Global Debt Reaches Record High
NEW YORK (Reuters) – Global debt hit a record high of $312 trillion at the end of the second quarter, driven by borrowing in the United States and China, while a key debt ratio in emerging markets also scaled a fresh peak, data from a banking trade group showed.
The Institute of International Finance (IIF), a financial services trade group, reported on Wednesday that global debt rose by $2.1 trillion in the first half to $312 trillion – a new high point after previous data was revised lower.
The IIF warned of the trend of rising government borrowing in its latest Global Debt Monitor report, forecasting that global government borrowing would rise from its current level of $92 trillion to $145 trillion by 2030 and exceed $440 trillion by 2050.
“With the Fed’s new easing cycle expected to accelerate the pace of global debt buildup, a significant concern is the apparent lack of political will to address rising sovereign debt levels in both mature and emerging market economies,” the IIF report stated.
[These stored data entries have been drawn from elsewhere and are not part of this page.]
lemma isCont_mult_square_div_at_0:
  fixes f g :: "real \<Rightarrow> real"
  assumes f: "(f has_real_derivative f') (at 0)" and f0: "f 0 = 0" and g: "isCont g 0"
  shows "isCont (\<lambda>x. g x * (f x)\<^sup>2 / x) 0"
proof -
  have "((\<lambda>x. f x / x) \<longlongrightarrow> f') (at 0)"
    using f f0 by (simp add: has_field_derivative_iff)
  moreover have "((\<lambda>x. g x * f x) \<longlongrightarrow> g 0 * f 0) (at 0)"
    using g DERIV_isCont[OF f] by (intro tendsto_mult) (auto simp: isCont_def)
  ultimately have "((\<lambda>x. (g x * f x) * (f x / x)) \<longlongrightarrow> 0) (at 0)"
    using f0 tendsto_mult by fastforce
  moreover have "(\<lambda>x. (g x * f x) * (f x / x)) = (\<lambda>x. g x * (f x)\<^sup>2 / x)"
    by (simp add: fun_eq_iff power2_eq_square)
  ultimately show ?thesis
    by (simp add: isCont_def)
qed

lemma weighted_hardy_half_interval:
  fixes f f' :: "real \<Rightarrow> real" and \<beta> R :: real
  assumes \<beta>: "\<beta> > 1/2" and R: "0 \<le> R"
    and f: "\<And>x. (f has_real_derivative f' x) (at x)"
    and f'_cont: "continuous_on UNIV f'"
    and f0: "f 0 = 0"
  shows "integral {0..R} (\<lambda>x. rho \<beta> * ((1 + x\<^sup>2) powr (-\<beta>) * (f x)\<^sup>2))
       \<le> integral {0..R} (\<lambda>x. (1 + x\<^sup>2) * (1 + x\<^sup>2) powr (-\<beta>) * (f' x)\<^sup>2)"
    (is "integral _ ?lhs \<le> integral _ ?rhs")
proof -
  define a where "a = (if \<beta> \<le> 3/2 then \<beta> - 1/2 else 1)"
  define P where "P x = (1 + x\<^sup>2) powr (-\<beta>)" for x :: real
  define G where "G x = (1 + a*x\<^sup>2) * P x * (f x)\<^sup>2 / x" for x
  define G' where "G' x = ((2*a*x*P x + (1 + a*x\<^sup>2) * (-2*\<beta>*x*P x/(1 + x\<^sup>2))) * (f x)\<^sup>2
    + (1 + a*x\<^sup>2) * P x * (2 * f x * f' x)) / x - (1 + a*x\<^sup>2) * P x * (f x)\<^sup>2 / x\<^sup>2" for x
  have w_pos: "0 < 1 + x\<^sup>2" for x :: real by (simp add: add_pos_nonneg)
  have P_pos: "P x > 0" for x unfolding P_def using w_pos[of x] by simp
  have P_deriv: "(P has_real_derivative (-2*\<beta>*x*P x/(1 + x\<^sup>2))) (at x)" for x
  proof -
    have "((\<lambda>x. (1 + x\<^sup>2) powr (-\<beta>)) has_real_derivative
            (-\<beta>) * (1 + x\<^sup>2) powr (-\<beta> - of_nat 1) * (2*x)) (at x)"
      by (rule DERIV_fun_powr) (auto intro!: derivative_eq_intros simp: w_pos)
    moreover have "(1 + x\<^sup>2) powr (-\<beta> - of_nat 1) = P x / (1 + x\<^sup>2)"
      unfolding P_def using w_pos[of x] by (simp add: powr_diff)
    ultimately show ?thesis unfolding P_def[abs_def] by (simp add: field_simps)
  qed
  have G_deriv: "(G has_real_derivative G' x) (at x)" if "x \<noteq> 0" for x
    unfolding G_def[abs_def] G'_def
    by (rule DERIV_cong, (rule derivative_intros P_deriv f)+)
       (use that in \<open>simp_all add: field_simps power2_eq_square\<close>)
  have G_cont: "continuous_on {0..R} G"
  proof (intro continuous_at_imp_continuous_on ballI)
    fix x
    show "isCont G x"
    proof (cases "x = 0")
      case True
      have "isCont (\<lambda>x. (1 + a*x\<^sup>2) * P x) 0"
        using DERIV_isCont[OF P_deriv] by (intro continuous_intros) auto
      then show ?thesis
        unfolding True G_def[abs_def] by (rule isCont_mult_square_div_at_0[OF f f0])
    qed (use G_deriv DERIV_isCont in auto)
  qed
  have G_ftc: "(G' has_integral (G R - G 0)) {0..R}"
    using R G_cont
    by (intro fundamental_theorem_of_calculus_interior)
       (auto simp: has_real_derivative_iff_has_vector_derivative[symmetric] intro!: G_deriv)
  have integrable: "?lhs integrable_on {0..R}" "?rhs integrable_on {0..R}"
    using f'_cont DERIV_isCont[OF P_deriv] DERIV_isCont[OF f] unfolding P_def[symmetric]
    by (auto intro!: integrable_continuous_interval continuous_at_imp_continuous_on continuous_intros
        simp: continuous_on_eq_continuous_at)
  have "((\<lambda>x. ?rhs x - ?lhs x - G' x) has_integral
          (integral {0..R} ?rhs - integral {0..R} ?lhs - (G R - G 0))) {0..R}"
    by (intro has_integral_diff G_ftc integrable_integral integrable)
  moreover have "0 \<le> ?rhs x - ?lhs x - G' x" if "x \<in> {0..R}" for x
  proof (cases "x = 0")
    case True
    then show ?thesis using f0 by (simp add: G'_def add_pos_nonneg)
  next
    case False
    with that have "x > 0" by auto
    from hardy_integrand_ge_potential_deriv[OF this refl P_pos rho_admissible[OF \<beta>]]
    show ?thesis unfolding G'_def P_def a_def by (simp add: mult.assoc)
  qed
  ultimately have "0 \<le> integral {0..R} ?rhs - integral {0..R} ?lhs - (G R - G 0)"
    by (rule has_integral_nonneg) blast
  moreover have "G 0 = 0" "G R \<ge> 0"
    using R P_pos[of R] \<beta> unfolding G_def a_def by auto
  ultimately show ?thesis by simp
qed

lemma weighted_hardy_interval:
  fixes f f' :: "real \<Rightarrow> real" and \<beta> R :: real
  assumes \<beta>: "\<beta> > 1/2" and R: "0 \<le> R"
    and f: "\<And>x. (f has_real_derivative f' x) (at x)"
    and f'_cont: "continuous_on UNIV f'"
    and f0: "f 0 = 0"
  shows "integral {-R..R} (\<lambda>x. rho \<beta> * ((1 + x\<^sup>2) powr (-\<beta>) * (f x)\<^sup>2))
       \<le> integral {-R..R} (\<lambda>x. (1 + x\<^sup>2) * (1 + x\<^sup>2) powr (-\<beta>) * (f' x)\<^sup>2)"
proof -
  define lhs where "lhs f x = rho \<beta> * ((1 + x\<^sup>2) powr (-\<beta>) * (f x)\<^sup>2)" for f :: "real \<Rightarrow> real" and x
  define rhs where "rhs f' x = (1 + x\<^sup>2) * (1 + x\<^sup>2) powr (-\<beta>) * (f' x)\<^sup>2" for f' :: "real \<Rightarrow> real" and x
  have right: "integral {0..R} (lhs f) \<le> integral {0..R} (rhs f')"
    unfolding lhs_def rhs_def by (rule weighted_hardy_half_interval[OF \<beta> R f f'_cont f0])
  have f_reflect: "((\<lambda>x. f (-x)) has_real_derivative - f' (-x)) (at x)" for x
    using DERIV_chain2[where g=uminus, OF f[of "-x"] DERIV_minus[OF DERIV_ident]] by simp
  have "integral {0..R} (lhs (\<lambda>x. f (-x))) \<le> integral {0..R} (rhs (\<lambda>x. - f' (-x)))"
    unfolding lhs_def rhs_def
    by (rule weighted_hardy_half_interval[OF \<beta> R f_reflect])
       (auto intro!: continuous_intros continuous_on_compose2[OF f'_cont] simp: f0)
  moreover have "lhs (\<lambda>x. f (-x)) = (\<lambda>x. lhs f (-x))" "rhs (\<lambda>x. - f' (-x)) = (\<lambda>x. rhs f' (-x))"
    by (simp_all add: fun_eq_iff lhs_def rhs_def)
  moreover have "integral {0..R} (\<lambda>x. lhs f (-x)) = integral {-R..0} (lhs f)"
    "integral {0..R} (\<lambda>x. rhs f' (-x)) = integral {-R..0} (rhs f')"
    using Henstock_Kurzweil_Integration.integral_reflect_real[of 0 "-R"] by simp_all
  ultimately have left: "integral {-R..0} (lhs f) \<le> integral {-R..0} (rhs f')"
    by simp
  have w_nonzero: "1 + x\<^sup>2 \<noteq> 0" for x :: real
    by (metis add_pos_nonneg less_irrefl zero_le_power2 zero_less_one)
  have "lhs f integrable_on {-R..R}" "rhs f' integrable_on {-R..R}"
    using f'_cont DERIV_isCont[OF f] unfolding lhs_def rhs_def
    by (auto intro!: integrable_continuous_interval continuous_at_imp_continuous_on continuous_intros
        simp: continuous_on_eq_continuous_at w_nonzero)
  then have "integral {-R..R} (lhs f) = integral {-R..0} (lhs f) + integral {0..R} (lhs f)"
    "integral {-R..R} (rhs f') = integral {-R..0} (rhs f') + integral {0..R} (rhs f')"
    using R by (simp_all add: Henstock_Kurzweil_Integration.integral_combine)
  with left right show ?thesis
    unfolding lhs_def rhs_def by simp
qed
A significant portion of the borrowing was attributed to the energy transition amid climate change challenges, which was projected to account for over a third of the anticipated rise by 2050.
“This poses significant challenges, as many governments are already allocating a growing share of their revenue to interest expenses,” the report added.
BIG COUNTRY, BIG BORROWER
The $2.1 trillion increase this year through June contrasts with $8.4 trillion in the first half of 2023, according to IIF data.
In addition to China and the U.S., India, Russia, and Sweden also increased their debt levels, while other European countries and Japan experienced notable declines, the report indicated.
The global debt-to-GDP ratio – an indicator of the ability to repay debt by comparing it to economic output – has stabilized around 327%-328%, with output numbers partly buoyed by above-target inflation in major economies.
In developed markets, this ratio reached its lowest level since 2018, driven by declines in household and non-financial corporate borrowing.
Conversely, emerging markets saw their debt ratio hit a new high of over 245% of output, more than 25 percentage points higher than before the COVID-related lockdowns.